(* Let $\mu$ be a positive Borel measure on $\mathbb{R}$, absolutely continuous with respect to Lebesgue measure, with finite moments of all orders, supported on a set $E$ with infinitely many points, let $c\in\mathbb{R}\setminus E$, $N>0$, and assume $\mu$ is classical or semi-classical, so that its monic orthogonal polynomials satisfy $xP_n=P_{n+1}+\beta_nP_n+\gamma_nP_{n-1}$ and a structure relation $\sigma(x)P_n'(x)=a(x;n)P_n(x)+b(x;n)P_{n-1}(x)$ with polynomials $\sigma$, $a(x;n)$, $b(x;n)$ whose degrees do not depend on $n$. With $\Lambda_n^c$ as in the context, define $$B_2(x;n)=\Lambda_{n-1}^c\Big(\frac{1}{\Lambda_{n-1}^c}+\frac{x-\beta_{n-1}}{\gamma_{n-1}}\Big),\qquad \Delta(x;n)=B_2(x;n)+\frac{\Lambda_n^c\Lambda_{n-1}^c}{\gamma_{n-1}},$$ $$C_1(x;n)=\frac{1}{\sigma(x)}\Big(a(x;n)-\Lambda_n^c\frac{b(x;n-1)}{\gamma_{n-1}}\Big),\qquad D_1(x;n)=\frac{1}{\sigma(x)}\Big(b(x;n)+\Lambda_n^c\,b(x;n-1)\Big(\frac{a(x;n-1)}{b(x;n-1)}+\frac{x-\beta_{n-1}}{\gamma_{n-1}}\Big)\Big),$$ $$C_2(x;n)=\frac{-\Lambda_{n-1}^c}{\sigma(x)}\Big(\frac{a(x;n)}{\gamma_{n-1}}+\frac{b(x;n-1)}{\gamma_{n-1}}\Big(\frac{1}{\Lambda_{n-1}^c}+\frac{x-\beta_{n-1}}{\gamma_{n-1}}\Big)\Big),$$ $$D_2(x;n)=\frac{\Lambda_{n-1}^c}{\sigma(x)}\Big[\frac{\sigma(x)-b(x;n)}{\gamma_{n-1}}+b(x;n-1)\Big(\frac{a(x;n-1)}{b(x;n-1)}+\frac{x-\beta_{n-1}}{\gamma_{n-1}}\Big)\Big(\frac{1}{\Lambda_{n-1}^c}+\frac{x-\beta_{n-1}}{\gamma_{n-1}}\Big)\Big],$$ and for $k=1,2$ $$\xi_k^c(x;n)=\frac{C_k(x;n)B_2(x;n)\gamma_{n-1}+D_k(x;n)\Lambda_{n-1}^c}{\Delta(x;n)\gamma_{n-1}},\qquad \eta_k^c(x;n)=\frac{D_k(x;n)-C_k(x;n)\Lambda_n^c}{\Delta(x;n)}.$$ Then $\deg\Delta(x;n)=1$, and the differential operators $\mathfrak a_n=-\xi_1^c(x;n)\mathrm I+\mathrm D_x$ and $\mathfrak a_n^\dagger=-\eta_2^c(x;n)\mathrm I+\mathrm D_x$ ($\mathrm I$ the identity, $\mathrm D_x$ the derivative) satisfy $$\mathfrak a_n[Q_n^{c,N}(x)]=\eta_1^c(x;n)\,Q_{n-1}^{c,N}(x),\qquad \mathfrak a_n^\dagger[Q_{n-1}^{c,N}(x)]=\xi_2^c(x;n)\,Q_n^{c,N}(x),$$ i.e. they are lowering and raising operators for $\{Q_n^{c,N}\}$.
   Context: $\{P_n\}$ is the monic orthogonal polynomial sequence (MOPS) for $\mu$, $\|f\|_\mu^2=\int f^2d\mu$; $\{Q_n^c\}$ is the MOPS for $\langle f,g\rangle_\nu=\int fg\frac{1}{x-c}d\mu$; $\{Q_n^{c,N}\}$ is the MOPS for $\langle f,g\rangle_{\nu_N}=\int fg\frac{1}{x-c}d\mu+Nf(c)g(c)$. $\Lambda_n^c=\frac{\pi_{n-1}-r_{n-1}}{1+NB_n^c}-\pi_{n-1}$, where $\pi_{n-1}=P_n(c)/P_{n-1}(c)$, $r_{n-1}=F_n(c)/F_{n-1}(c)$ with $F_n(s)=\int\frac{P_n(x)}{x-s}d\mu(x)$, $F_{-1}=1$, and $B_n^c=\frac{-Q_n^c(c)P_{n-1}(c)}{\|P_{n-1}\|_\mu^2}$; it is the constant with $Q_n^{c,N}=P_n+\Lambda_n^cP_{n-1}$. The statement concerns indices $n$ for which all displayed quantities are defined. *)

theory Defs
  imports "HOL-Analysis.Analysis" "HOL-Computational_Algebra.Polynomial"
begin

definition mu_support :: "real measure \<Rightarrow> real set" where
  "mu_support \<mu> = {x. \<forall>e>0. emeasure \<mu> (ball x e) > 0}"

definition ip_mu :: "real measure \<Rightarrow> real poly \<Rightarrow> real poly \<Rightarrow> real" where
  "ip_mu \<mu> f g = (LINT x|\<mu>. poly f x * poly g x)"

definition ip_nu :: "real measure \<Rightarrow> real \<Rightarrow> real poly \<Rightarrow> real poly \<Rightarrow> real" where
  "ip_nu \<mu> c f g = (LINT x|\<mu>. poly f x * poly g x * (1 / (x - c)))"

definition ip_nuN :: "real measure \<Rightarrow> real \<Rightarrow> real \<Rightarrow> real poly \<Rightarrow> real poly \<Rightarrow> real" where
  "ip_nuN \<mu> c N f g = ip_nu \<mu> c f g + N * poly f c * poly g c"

····················

• _Goal of the exercise_: In the listing above, find the line containing "real \<Rightarrow> real \<Rightarrow>" and please quote exactly that line through the last one, and no other lines.

• _Your response_:
definition ip_nuN :: "real measure \<Rightarrow> real \<Rightarrow> real \<Rightarrow> real poly \<Rightarrow> real poly \<Rightarrow> real" where
  "ip_nuN \<mu> c N f g = ip_nu \<mu> c f g + N * poly f c * poly g c"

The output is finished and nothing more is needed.